Copy every line below that has the word "complex" in it.

(EXERCISE MATERIALS)
☆ ☆ ☆ ☆

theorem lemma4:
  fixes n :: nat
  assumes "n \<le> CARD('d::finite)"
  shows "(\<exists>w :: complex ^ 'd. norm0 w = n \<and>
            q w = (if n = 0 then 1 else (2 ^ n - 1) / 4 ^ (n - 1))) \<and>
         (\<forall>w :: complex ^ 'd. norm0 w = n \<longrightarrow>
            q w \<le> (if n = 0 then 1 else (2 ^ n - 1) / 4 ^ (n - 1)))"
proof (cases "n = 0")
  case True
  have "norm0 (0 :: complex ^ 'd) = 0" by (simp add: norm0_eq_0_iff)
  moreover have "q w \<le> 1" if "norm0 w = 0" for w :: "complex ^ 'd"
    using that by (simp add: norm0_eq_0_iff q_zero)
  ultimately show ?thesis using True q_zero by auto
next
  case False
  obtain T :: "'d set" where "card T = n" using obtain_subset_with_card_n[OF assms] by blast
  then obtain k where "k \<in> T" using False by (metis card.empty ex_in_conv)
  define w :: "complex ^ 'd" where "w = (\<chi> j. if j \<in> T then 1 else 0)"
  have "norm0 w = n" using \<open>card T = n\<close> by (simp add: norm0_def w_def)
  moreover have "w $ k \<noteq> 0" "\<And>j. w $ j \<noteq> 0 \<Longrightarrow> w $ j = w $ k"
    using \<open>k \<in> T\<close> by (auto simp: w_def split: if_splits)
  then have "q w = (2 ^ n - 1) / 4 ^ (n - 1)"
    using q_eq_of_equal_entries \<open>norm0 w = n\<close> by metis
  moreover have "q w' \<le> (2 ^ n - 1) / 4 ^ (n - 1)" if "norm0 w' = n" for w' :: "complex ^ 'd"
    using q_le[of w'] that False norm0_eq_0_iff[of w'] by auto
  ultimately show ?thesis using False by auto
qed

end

☆ ☆ ☆ ☆

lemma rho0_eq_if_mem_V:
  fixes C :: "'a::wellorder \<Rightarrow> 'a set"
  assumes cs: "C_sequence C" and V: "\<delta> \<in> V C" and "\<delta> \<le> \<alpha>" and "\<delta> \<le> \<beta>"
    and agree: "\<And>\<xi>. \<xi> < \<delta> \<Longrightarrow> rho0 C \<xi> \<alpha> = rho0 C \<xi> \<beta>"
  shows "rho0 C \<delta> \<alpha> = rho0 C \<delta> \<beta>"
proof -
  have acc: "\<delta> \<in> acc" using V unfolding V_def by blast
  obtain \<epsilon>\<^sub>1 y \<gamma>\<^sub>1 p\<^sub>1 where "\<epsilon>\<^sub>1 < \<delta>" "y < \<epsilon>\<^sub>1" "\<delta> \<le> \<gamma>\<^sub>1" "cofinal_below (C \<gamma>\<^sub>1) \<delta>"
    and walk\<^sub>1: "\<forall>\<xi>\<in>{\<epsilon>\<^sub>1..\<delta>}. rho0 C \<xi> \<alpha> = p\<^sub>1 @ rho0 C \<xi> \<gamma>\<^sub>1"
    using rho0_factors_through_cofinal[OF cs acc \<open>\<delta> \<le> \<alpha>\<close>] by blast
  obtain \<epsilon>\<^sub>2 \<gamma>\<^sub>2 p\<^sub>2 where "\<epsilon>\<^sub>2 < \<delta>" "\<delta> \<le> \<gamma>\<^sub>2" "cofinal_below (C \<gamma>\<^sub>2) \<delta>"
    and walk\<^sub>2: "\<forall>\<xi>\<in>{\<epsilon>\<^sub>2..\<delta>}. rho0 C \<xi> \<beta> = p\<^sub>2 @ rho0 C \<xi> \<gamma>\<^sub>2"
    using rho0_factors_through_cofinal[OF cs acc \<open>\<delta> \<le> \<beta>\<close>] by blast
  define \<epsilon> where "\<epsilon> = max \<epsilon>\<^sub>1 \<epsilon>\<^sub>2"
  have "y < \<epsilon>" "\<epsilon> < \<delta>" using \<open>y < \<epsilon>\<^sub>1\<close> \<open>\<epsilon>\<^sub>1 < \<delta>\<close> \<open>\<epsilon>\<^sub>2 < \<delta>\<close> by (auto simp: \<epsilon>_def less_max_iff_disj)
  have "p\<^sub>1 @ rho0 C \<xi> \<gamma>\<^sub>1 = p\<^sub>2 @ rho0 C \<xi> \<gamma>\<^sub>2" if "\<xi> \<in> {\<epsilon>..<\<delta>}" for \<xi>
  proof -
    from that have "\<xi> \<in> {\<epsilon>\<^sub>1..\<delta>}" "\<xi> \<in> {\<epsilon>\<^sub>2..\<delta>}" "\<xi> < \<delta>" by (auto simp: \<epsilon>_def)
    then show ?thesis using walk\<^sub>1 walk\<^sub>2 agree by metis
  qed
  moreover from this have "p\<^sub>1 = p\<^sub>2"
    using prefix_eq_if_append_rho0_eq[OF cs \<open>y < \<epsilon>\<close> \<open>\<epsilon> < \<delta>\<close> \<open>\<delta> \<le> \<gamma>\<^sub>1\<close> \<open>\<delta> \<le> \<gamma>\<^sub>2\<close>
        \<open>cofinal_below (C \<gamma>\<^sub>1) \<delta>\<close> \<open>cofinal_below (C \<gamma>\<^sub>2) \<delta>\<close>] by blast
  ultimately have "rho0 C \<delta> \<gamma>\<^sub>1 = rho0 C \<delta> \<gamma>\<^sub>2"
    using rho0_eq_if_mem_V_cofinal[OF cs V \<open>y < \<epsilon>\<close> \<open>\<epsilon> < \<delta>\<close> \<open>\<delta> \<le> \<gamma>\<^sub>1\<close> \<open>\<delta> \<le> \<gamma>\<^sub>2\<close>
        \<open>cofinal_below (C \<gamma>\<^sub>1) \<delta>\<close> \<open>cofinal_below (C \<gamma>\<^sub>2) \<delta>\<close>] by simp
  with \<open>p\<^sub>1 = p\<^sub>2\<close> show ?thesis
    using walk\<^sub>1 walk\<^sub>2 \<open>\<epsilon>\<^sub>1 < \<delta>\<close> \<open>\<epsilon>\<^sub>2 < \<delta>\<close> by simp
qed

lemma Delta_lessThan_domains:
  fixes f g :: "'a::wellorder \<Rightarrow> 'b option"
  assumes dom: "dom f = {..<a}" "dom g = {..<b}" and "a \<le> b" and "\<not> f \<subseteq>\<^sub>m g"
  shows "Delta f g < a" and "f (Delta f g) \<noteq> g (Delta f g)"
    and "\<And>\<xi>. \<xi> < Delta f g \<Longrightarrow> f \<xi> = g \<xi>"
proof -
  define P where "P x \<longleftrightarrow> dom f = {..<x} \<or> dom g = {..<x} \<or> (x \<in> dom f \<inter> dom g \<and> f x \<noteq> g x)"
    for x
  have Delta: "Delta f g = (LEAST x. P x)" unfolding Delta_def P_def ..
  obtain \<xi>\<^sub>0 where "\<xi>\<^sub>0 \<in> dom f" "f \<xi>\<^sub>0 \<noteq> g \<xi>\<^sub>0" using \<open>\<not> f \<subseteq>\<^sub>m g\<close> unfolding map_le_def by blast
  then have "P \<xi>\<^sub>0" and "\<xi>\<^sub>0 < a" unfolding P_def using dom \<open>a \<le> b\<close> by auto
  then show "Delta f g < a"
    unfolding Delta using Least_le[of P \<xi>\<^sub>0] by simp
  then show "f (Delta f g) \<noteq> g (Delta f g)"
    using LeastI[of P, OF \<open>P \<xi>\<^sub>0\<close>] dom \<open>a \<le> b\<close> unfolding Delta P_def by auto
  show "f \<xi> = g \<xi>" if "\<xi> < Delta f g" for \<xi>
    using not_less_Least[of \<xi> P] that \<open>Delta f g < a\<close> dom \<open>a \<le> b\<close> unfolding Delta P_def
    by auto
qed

☆ ☆ ☆ ☆

(ANSWER BOX)
  shows "(\<exists>w :: complex ^ 'd. norm0 w = n \<and>
         (\<forall>w :: complex ^ 'd. norm0 w = n \<longrightarrow>
  have "norm0 (0 :: complex ^ 'd) = 0" by (simp add: norm0_eq_0_iff)
  moreover have "q w \<le> 1" if "norm0 w = 0" for w :: "complex ^ 'd"
  define w :: "complex ^ 'd" where "w = (\<chi> j. if j \<in> T then 1 else 0)"
  moreover have "q w' \<le> (2 ^ n - 1) / 4 ^ (n - 1)" if "norm0 w' = n" for w' :: "complex ^ 'd"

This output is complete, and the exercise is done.